Intéressés par les maisons à ossature acier, Monsieur et Madame X ont confié la construction de leur maison individuelle à la Société Y sur un terrain qu’ils avaient acquis.
La société Y a présenté à Monsieur et Madame X, Monsieur Z architecte.
Ce dernier s’est vu confier une « mission de maîtrise d’œuvre de conception » avec établissement du dossier permis de construire et des plans d’exécution à l’exclusion de toute mission d’exécution et de suivi de travaux.
Lors de l’exécution des travaux de construction et notamment lors de la réalisation des terrassements, un problème d’implantation de la maison est apparu.

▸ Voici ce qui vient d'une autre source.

lemma bounded_continuous_in_E_space:
  fixes g :: "'a::real_normed_vector \<Rightarrow> real"
  assumes p: "0 < p" and cont: "continuous_on UNIV g" and bound: "\<And>z. \<bar>g z\<bar> \<le> B"
  shows "g \<in> E_space p"
proof -
  have "filterlim (\<lambda>z::'a. norm z powr p) at_top at_infinity"
    by (rule filterlim_compose[OF real_powr_at_top[OF p] filterlim_norm_at_top])
  then have "filterlim (\<lambda>z::'a. 1 + norm z powr p) at_infinity at_infinity"
    by (intro filterlim_at_top_imp_at_infinity filterlim_tendsto_add_at_top[OF tendsto_const])
  then have lim: "((\<lambda>z::'a. B / (1 + norm z powr p)) \<longlongrightarrow> 0) at_infinity"
    by (rule tendsto_divide_0[OF tendsto_const])
  have "\<forall>\<^sub>F z in at_infinity. norm (g z / (1 + norm z powr p)) \<le> B / (1 + norm z powr p)"
    using bound by (intro always_eventually) (simp add: add_pos_nonneg divide_right_mono)
  then have "((\<lambda>z. g z / (1 + norm z powr p)) \<longlongrightarrow> 0) at_infinity"
    using lim by (rule Lim_null_comparison)
  with cont show ?thesis
    unfolding E_space_def by blast
qed

lemma lipschitz_approx_shift_in_E_space:
  fixes \<xi> :: "'a::real_normed_vector"
  assumes "0 < p"
  shows "(\<lambda>z. lipschitz_approx F k (z + \<xi>)) \<in> E_space p"
proof (rule bounded_continuous_in_E_space[OF assms])
  show "continuous_on UNIV (\<lambda>z. lipschitz_approx F k (z + \<xi>))"
    by (rule continuous_on_compose2[OF continuous_on_lipschitz_approx]) (auto intro: continuous_intros)
  show "\<bar>lipschitz_approx F k (z + \<xi>)\<bar> \<le> real k" for z
    using lipschitz_approx_nonneg[of F k "z + \<xi>"] lipschitz_approx_le_index[of F k "z + \<xi>"]
    by simp
qed

lemma continuous_map_weakstar_integral:
  assumes "h \<in> E_space p"
  shows "continuous_map (weakstar p) euclideanreal (\<lambda>\<mu>::'b::euclidean_space measure. integral\<^sup>L \<mu> h)"
proof -
  have "continuous_map (weakstar p) euclideanreal
      ((\<lambda>f. f h) \<circ> (\<lambda>\<mu>::'b measure. restrict (\<lambda>g. integral\<^sup>L \<mu> g) (E_space p)))"
    unfolding weakstar_def
    by (intro continuous_map_pullback continuous_map_product_projection assms)
  then show ?thesis
    using assms by (simp add: o_def)
qed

En effet, l’entreprise de gros œuvre s’est aperçue que si l’ouvrage était implanté conformément aux plans de l’architecte, l’immeuble serait totalement enterré, la toiture étant quasiment au niveau de la route.

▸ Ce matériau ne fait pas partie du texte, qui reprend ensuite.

lemma discounted_upow_unit_interval:
  fixes G :: "real \<Rightarrow> real" and t X \<delta> \<gamma> :: real
  assumes \<gamma>: "1 < \<gamma>" and \<delta>: "0 \<le> \<delta>" and X: "0 < X"
    and G_int: "G integrable_on {t..t + 1}" and G_nonneg: "\<And>s. s \<in> {t..t + 1} \<Longrightarrow> 0 \<le> G s"
    and G_le: "integral {t..t + 1} G \<le> X"
  shows "ennreal (exp (- \<delta> * (t + 1)) * X powr (1 - \<gamma>))
    \<le> (\<integral>\<^sup>+s\<in>{t..t + 1}. ennreal (exp (- \<delta> * s)) * upow \<gamma> (G s) \<partial>lebesgue)"
proof -
  define K where "K = exp (- \<delta> * (t + 1) / \<gamma>)"
  have "ennreal (K powr \<gamma>) * upow \<gamma> X
      \<le> (\<integral>\<^sup>+s. ennreal (exp (- \<delta> * s)) * upow \<gamma> (G s) \<partial>lebesgue_on {t..t + 1})"
  proof (rule nn_integral_reverse_Hoelder_upow[where w = "\<lambda>_. 1"])
    show "G \<in> borel_measurable (lebesgue_on {t..t + 1})"
      using G_int by (rule integrable_imp_measurable)
    show "(\<lambda>s. exp (- \<delta> * s)) \<in> borel_measurable (lebesgue_on {t..t + 1})"
      by measurable
    have "ennreal K = (\<integral>\<^sup>+s. ennreal K \<partial>lebesgue_on {t..t + 1})"
      by (simp add: emeasure_restrict_space)
    also have "\<dots> \<le> (\<integral>\<^sup>+s. ennreal (exp (- \<delta> * s) powr (1 / \<gamma>) * 1 powr ((\<gamma> - 1) / \<gamma>)) \<partial>lebesgue_on {t..t + 1})"
      using \<gamma> \<delta>
      by (intro nn_integral_mono ennreal_leI)
        (auto simp: K_def powr_def space_restrict_space intro!: divide_right_mono mult_left_mono)
    finally show "ennreal K \<le> \<dots>" .
    have "(\<integral>\<^sup>+s. ennreal (1 * G s) \<partial>lebesgue_on {t..t + 1}) = ennreal (integral {t..t + 1} G)"
      using G_nonneg by (simp, subst nn_integral_lebesgue_on_eq_integral[OF G_int]) auto
    then show "(\<integral>\<^sup>+s. ennreal (1 * G s) \<partial>lebesgue_on {t..t + 1}) \<le> ennreal X"
      using G_le by (simp add: ennreal_leI)
  qed (use \<gamma> X in \<open>auto simp: K_def\<close>)
  then show ?thesis
    using \<gamma> X by (simp add: K_def upow_def powr_def ennreal_mult nn_integral_restrict_space)
qed

lemma discounted_remaining_powr_tendsto_0:
  fixes G :: "real \<Rightarrow> real" and X0 \<delta> \<gamma> :: real
  assumes \<gamma>: "1 < \<gamma>" and \<delta>: "0 < \<delta>"
    and G_nonneg: "\<And>s. 0 \<le> s \<Longrightarrow> 0 \<le> G s"
    and G_int: "\<And>t. 0 \<le> t \<Longrightarrow> G integrable_on {0..t}"
    and remaining_pos: "\<And>t. 0 \<le> t \<Longrightarrow> integral {0..t} G < X0"
    and finite: "(\<integral>\<^sup>+s\<in>{0..}. ennreal (exp (- \<delta> * s)) * upow \<gamma> (G s) \<partial>lborel) < \<infinity>"
  shows "(\<lambda>n::nat. exp (- \<delta> * real n) * (X0 - integral {0..real n} G) powr (1 - \<gamma>)) \<longlonglongrightarrow> 0"
proof -
  define G0 where "G0 s = indicator {0..} s * G s" for s :: real
  define u where "u s = indicator {0..} s * (ennreal (exp (- \<delta> * s)) * upow \<gamma> (G0 s))" for s :: real
  have [measurable]: "G0 \<in> borel_measurable lebesgue"
    unfolding G0_def using G_int by (rule borel_measurable_indicator_Ici_mult)
  have [measurable]: "u \<in> borel_measurable lebesgue"
    unfolding u_def by measurable
  have u_eq: "u s = ennreal (exp (- \<delta> * s)) * upow \<gamma> (G s) * indicator {0..} s" for s
    by (simp add: u_def G0_def split: split_indicator)
  define V where "V n = (\<integral>\<^sup>+s\<in>{real n..}. u s \<partial>lebesgue)" for n :: nat
  have u_fin: "(\<integral>\<^sup>+s. u s \<partial>lebesgue) < \<infinity>"
    using finite unfolding u_eq by (simp add: nn_integral_completion)
  have V_lim: "V \<longlonglongrightarrow> 0"
    unfolding V_def using u_fin by (rule nn_integral_tail_tendsto_0[rotated]) measurable
  have V_fin: "V n < \<infinity>" for n
  proof -
    have "V n \<le> (\<integral>\<^sup>+s. u s \<partial>lebesgue)"
      unfolding V_def by (intro nn_integral_mono) (simp split: split_indicator)
    with u_fin show ?thesis by simp
  qed
  have bound: "exp (- \<delta> * real n) * (X0 - integral {0..real n} G) powr (1 - \<gamma>) \<le> exp \<delta> * enn2real (V n)"
    for n :: nat
  proof -
    define t where "t = real n"
    define X where "X = X0 - integral {0..t} G"
    have t: "0 \<le> t" and X: "0 < X" using remaining_pos by (auto simp: t_def X_def)
    have G_int1: "G integrable_on {t..t + 1}"
      using t by (intro integrable_subinterval_real[OF G_int[of "t + 1"]]) auto
    have "integral {0..t} G + integral {t..t + 1} G = integral {0..t + 1} G"
      using G_int[of "t + 1"] t by (intro Henstock_Kurzweil_Integration.integral_combine) auto
    then have "integral {t..t + 1} G \<le> X"
      using remaining_pos[of "t + 1"] t by (simp add: X_def)
    then have "ennreal (exp (- \<delta> * (t + 1)) * X powr (1 - \<gamma>))
        \<le> (\<integral>\<^sup>+s\<in>{t..t + 1}. ennreal (exp (- \<delta> * s)) * upow \<gamma> (G s) \<partial>lebesgue)"
      using \<gamma> \<delta> X G_int1 G_nonneg t by (intro discounted_upow_unit_interval) auto
    also have "\<dots> \<le> V n"
      unfolding V_def t_def using t_def t
      by (intro nn_integral_mono) (auto simp: u_eq split: split_indicator)
    finally have "exp (- \<delta> * (t + 1)) * X powr (1 - \<gamma>) \<le> enn2real (V n)"
      using V_fin[of n] enn2real_mono by fastforce
    moreover have "exp (- \<delta> * t) = exp \<delta> * exp (- \<delta> * (t + 1))"
      by (simp add: mult_exp_exp algebra_simps)
    ultimately show ?thesis
      unfolding t_def[symmetric] X_def[symmetric] by (simp add: mult.assoc)
  qed
  show ?thesis
  proof (rule tendsto_sandwich[OF _ _ tendsto_const])
    show "\<forall>\<^sub>F n in sequentially. 0 \<le> exp (- \<delta> * real n) * (X0 - integral {0..real n} G) powr (1 - \<gamma>)"
      by simp
    show "\<forall>\<^sub>F n in sequentially. exp (- \<delta> * real n) * (X0 - integral {0..real n} G) powr (1 - \<gamma>)
        \<le> exp \<delta> * enn2real (V n)"
      using bound by simp
    have "V \<longlonglongrightarrow> ennreal 0" using V_lim by simp
    then show "(\<lambda>n. exp \<delta> * enn2real (V n)) \<longlonglongrightarrow> 0"
      by (intro tendsto_mult_right_zero) (rule tendsto_enn2real, simp_all)
  qed
qed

Les époux X ont assigné le constructeur ( Société Y) et l’architecte ( Monsieur Z) devant le juge des référés aux fins de voir ordonner une expertise judiciaire.
Il s’est avéré lors des premières opérations d’expertise que l’implantation telle qu’elle a été prévue au permis de construire était impossible à réaliser sur le terrain.

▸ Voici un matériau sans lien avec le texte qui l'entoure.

(* Under the standing assumptions, there exists $\Lambda>0$ such that for every $\lambda>\Lambda$ the BBM-type operator $\mathcal{A}^\lambda$ has no eigenvalues in $\{z\in\mathbb{C}:\operatorname{Re}z\le0\}$.
   Context: Standing assumptions: $f:\mathbb{R}\to\mathbb{R}$ is $C^1$ with $f(0)=f'(0)=0$. $\mathcal{M}$ is the Fourier multiplier with symbol $\alpha:\mathbb{R}\to[0,\infty)$, locally bounded, with $a|k|^m\le\alpha(k)\le b|k|^m$ for all large $|k|$ ($m\ge1$, $a,b>0$). $c>1$ and $u_c\in H^m(\mathbb{R})$ is a real solution of $\mathcal{M}u_c+(1-\frac1c)u_c-\frac1cf(u_c)=0$ with $u_c(x)\to0$ as $|x|\to\infty$ and $f'(u_c)\not\equiv0$. With $\mathcal{E}^{\lambda,-}$ the Fourier multiplier with symbol $\frac{\lambda}{\lambda-ick}$, $\mathcal{A}^\lambda=\mathcal{M}+1-\frac1c(1-\mathcal{E}^{\lambda,-})(1+f'(u_c))$, acting $H^m\to L^2$. *)

theory Defs
  imports "HOL-Analysis.Analysis"
begin

text \<open>Square-integrable complex-valued functions on the real line (as functions;
  equalities between L2 elements are understood almost everywhere).\<close>
definition L2 :: "(real \<Rightarrow> complex) \<Rightarrow> bool" where
  "L2 u \<longleftrightarrow> u \<in> borel_measurable lborel \<and> integrable lborel (\<lambda>x. (cmod (u x))\<^sup>2)"

text \<open>Plancherel Fourier transform on L2, convention
  hat u k = lim_{R\<rightarrow>\<infinity>} integral over [-R,R] of u x * exp(-i k x) (limit in L2).\<close>
definition is_fourier :: "(real \<Rightarrow> complex) \<Rightarrow> (real \<Rightarrow> complex) \<Rightarrow> bool" where
  "is_fourier u g \<longleftrightarrow> L2 u \<and> L2 g \<and>
     ((\<lambda>R. \<integral>\<^sup>+ k. ennreal ((cmod (g k - (LINT x:{-R..R}|lborel. u x * cis (- (k * x)))))\<^sup>2) \<partial>lborel)
        \<longlongrightarrow> 0) at_top"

Monsieur Z architecte soutient qu’il n’avait à sa charge aucune visite sur le terrain et que, dès lors, le problème de l’implantation relevait exclusivement de l’obligation de la société Y.
Ainsi, se posait la question de l’étendue des missions de l’architecte chargé de la conception de la maison et des responsabilités qui en découlent.
Il convient de rappeler que l’architecte n’est tenu que dans les limites de sa mission.
En effet, la responsabilité de l’architecte se rattache tout d’abord au contrat liant ce dernier au maître de l’ouvrage.
La mise en jeu de la responsabilité contractuelle de l’architecte peut résulter d’un manquement à son obligation de conseil mais aussi d’une faute dans sa mission de conception et de direction des travaux.
Comme tout professionnel, l’architecte est tenu envers le maître d’ouvrage d’une obligation précontractuelle de renseignement.
Ce devoir de conseil est largement entendu.
Tout d’abord, l’architecte doit vérifier la faisabilité du projet souhaité par son client.
Aussi, la responsabilité de l’architecte peut être engagée en raison d’une faute commise dans la conception de l’ouvrage.
Le vice de conception peut apparaître dès l’élaboration du programme de travaux et consister en une violation d’une disposition légale ou règlementaire ou en une inadéquation du projet au terrain.
C’est sur ce terrain que le Tribunal de grande instance de Thionville s’est placé pour condamner l’architecte.
En effet, dans son jugement en date du 15 juin 2012, le juge a estimé qu’au vu du contrat d’architecte mentionnant « mission de maîtrise d’œuvre de conception » Monsieur Y architecte, chargé de la conception, devait, dans l’élaboration des plans de situation, y intégrer l’implantation de l’immeuble laquelle ne saurait être dissociée artificiellement de la conception.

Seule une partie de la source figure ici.